On 8/26/21 5:56 PM, enh wrote:
>     I keep telling people I could spend a focused year on JUST the test suite and
>     they don't believe me. When people talk about function testing vs regression
>     testing vs coverage testing I get confused because it's all the same thing? 
> 
> 
> i'll include the main failure modes of each, to preempt any "yes, but"s by
> admitting that _of course_ you can write fortran in any language, but the idea
> is something like:
> 
> integration testing - answers "does my product work for real use cases?". you
> definitely want this, for obvious reasons, and since your existing testing is
> integration tests, i'll say no more. other than that the failure mode here is
> relying only on integration tests and spending a lot more time/effort debugging
> failures than you would if you could have caught the same issue with a unit test.

I'm relying on the fact I wrote almost all the code myself, and thoroughly
reviewed the rest, to be able to mentally model what everything is doing.
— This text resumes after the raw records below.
(* Let $\mathcal{S}$ be a square-free staged tree containing a saturated subtree $\mathcal{T}$ rooted at a situation $s$, and let $\mathcal{S}'$ be the staged tree obtained by the resize operator that contracts $\mathcal{T}$ into a floret $\mathcal{F}$. Let $\alpha>0$, let $\mathcal{D}=(N_\lambda)_{\lambda\in\Lambda(\mathcal{S})}$ be a complete data sample on $\mathcal{S}$ and $\mathcal{D}'$ the sample on $\mathcal{S}'$ obtained by transferring each $N_\lambda$ to the corresponding root-to-leaf path of $\mathcal{S}'$. Then $\mathrm{BDepu}(\mathcal{S},\mathcal{D};\alpha)=\mathrm{BDepu}(\mathcal{S}',\mathcal{D}';\alpha)$.
   Context: An event tree is a finite directed rooted tree whose edges are directed away from the root; nodes with no outgoing edges are leaves, all other nodes are situations. A staged tree $\mathcal{S}$ is an event tree together with a partition of its situations into stages $u_1,\dots,u_J$ such that all situations in $u_j$ have the same number $r_j$ of outgoing edges, labelled $1,\dots,r_j$ at each situation of $u_j$; the $k$-th edge of every situation in $u_j$ carries the same conditional transition probability $\theta_{jk}$. A staged tree is square-free if no two situations on the same root-to-leaf path lie in the same stage. $\Lambda(\mathcal{S})$ is the set of root-to-leaf paths and, for an edge $e$, $\Lambda(e)$ is the set of root-to-leaf paths containing $e$. Resize: a subtree $\mathcal{T}$ rooted at a situation $s$ consists of $s$, some of its descendants and the edges between them, such that with every non-subleaf node it contains all of its outgoing edges; its subleaves are its nodes having no outgoing edges within $\mathcal{T}$. $\mathcal{T}$ is saturated if every situation of $\mathcal{T}$ that is not a subleaf forms a stage by itself (a singleton stage occurring nowhere else in $\mathcal{S}$). The resize operator contracts $\mathcal{T}$ into a floret $\mathcal{F}$: $s$ is given one outgoing edge for each root-to-subleaf path of $\mathcal{T}$, entering the corresponding subleaf (with everything below the subleaf unchanged), with transition probability equal to the product of the transition probabilities along that path; the root of $\mathcal{F}$ forms a singleton stage. This induces a bijection between the root-to-leaf paths of $\mathcal{S}$ and of the resulting staged tree $\mathcal{S}'$. A complete data sample $\mathcal{D}$ assigns to each root-to-leaf path $\lambda$ a number $N_\lambda\ge 0$ of units. For stage $u_j$, $n_{jk}$ is the number of units whose path passes through the $k$-th outgoing edge of some situation in $u_j$, $\overline{n}_j=\sum_k n_{jk}$. The BDepu score with imaginary sample size $\alpha>0$ is $$\mathrm{BDepu}(\mathcal{S},\mathcal{D};\alpha)=\prod_{j=1}^{J}\left[\frac{\Gamma(\overline{\alpha}_j)}{\Gamma(\overline{\alpha}_j+\overline{n}_j)}\prod_{k=1}^{r_j}\frac{\Gamma(\alpha_{jk}+n_{jk})}{\Gamma(\alpha_{jk})}\right],\quad \alpha_{jk}=\frac{\alpha}{|\Lambda(\mathcal{S})|}\sum_{m=1}^{h_j}|\Lambda(e^m_{jk})|,\quad \overline{\alpha}_j=\sum_{k=1}^{r_j}\alpha_{jk},$$ where $h_j$ is the number of situations in $u_j$ and $e^m_{jk}$ is the $k$-th outgoing edge of the $m$-th situation of $u_j$. *)

theory Defs
  imports "HOL-Analysis.Analysis"
begin

definition children :: "('a \<times> 'a) set \<Rightarrow> 'a \<Rightarrow> 'a set" where
  "children E v = {w. (v, w) \<in> E}"

definition event_tree :: "'a set \<Rightarrow> ('a \<times> 'a) set \<Rightarrow> 'a \<Rightarrow> bool" where
  "event_tree V E r \<longleftrightarrow> finite V \<and> r \<in> V \<and> E \<subseteq> V \<times> V
     \<and> (\<forall>v. (v, r) \<notin> E)
     \<and> (\<forall>w\<in>V - {r}. \<exists>!v. (v, w) \<in> E)
     \<and> (\<forall>v\<in>V. (r, v) \<in> E\<^sup>*)"

definition situations :: "('a \<times> 'a) set \<Rightarrow> 'a set" where
  "situations E = {v. children E v \<noteq> {}}"

definition rl_paths :: "('a \<times> 'a) set \<Rightarrow> 'a \<Rightarrow> 'a list set" where
  "rl_paths E r = {xs. xs \<noteq> [] \<and> hd xs = r
      \<and> (\<forall>i. Suc i < length xs \<longrightarrow> (xs ! i, xs ! Suc i) \<in> E)
      \<and> children E (last xs) = {}}"

definition path_edges :: "'a list \<Rightarrow> ('a \<times> 'a) set" where
  "path_edges xs = set (zip xs (tl xs))"

definition paths_through :: "('a \<times> 'a) set \<Rightarrow> 'a \<Rightarrow> 'a \<times> 'a \<Rightarrow> 'a list set" where
  "paths_through E r e = {xs \<in> rl_paths E r. e \<in> path_edges xs}"

text \<open>The stage partition is given by a function stg on situations (two situations are
  in the same stage iff they have the same stg value); lab labels the outgoing edges of
  every situation bijectively by 1..(number of outgoing edges).\<close>
definition staged_tree ::
  "'a set \<Rightarrow> ('a \<times> 'a) set \<Rightarrow> 'a \<Rightarrow> ('a \<Rightarrow> 'b) \<Rightarrow> ('a \<times> 'a \<Rightarrow> nat) \<Rightarrow> bool" where
  "staged_tree V E r stg lab \<longleftrightarrow> event_tree V E r
     \<and> (\<forall>v\<in>situations E. \<forall>w\<in>situations E. stg v = stg w \<longrightarrow>
            card (children E v) = card (children E w))
     \<and> (\<forall>v\<in>situations E. bij_betw (\<lambda>w. lab (v, w)) (children E v) {1..card (children E v)})"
That said, I'm trying to get the bus number up so you don't NEED me to do this
sort of thing...

> unit testing - reduces the amount of digging you have to do _when_ your
> integration tests fail. (also makes it easier to asan/tsan or whatever, though
> this is much more of a problem on large systems than it is for something like
> toybox, where everything's small and fast anyway, versus "30mins in to
> transcoding this video, we crash" kinds of problem.) for something like toybox
> you'd probably be more interested in the ability to mock stuff out --- your "one
> day i'll have qemu with a known set of processes" idea,

It's kinda hard to test things like ps/ifconfig/insmod outside of a carefully
controlled known environment.

> but done by swapping
> function pointers. one nice thing about unit tests is that they're very easily
> parallelized. on a Xeon desktop i can run all several thousand bionic unit tests
> in less than 2s... whereas obviously "boot a device" (more on the integration
> test side) takes a lot longer. the main failure mode here (after "writing good
> tests is at least as hard as writing good code", which i'm pretty sure you
> already agree with, and might even be one of your _objections_ to unit tests),

Eh, the toys/example/demo_$THINGY commands are sort of intended to do this kind
of thing for chunks of shared infrastructure (library code, etc).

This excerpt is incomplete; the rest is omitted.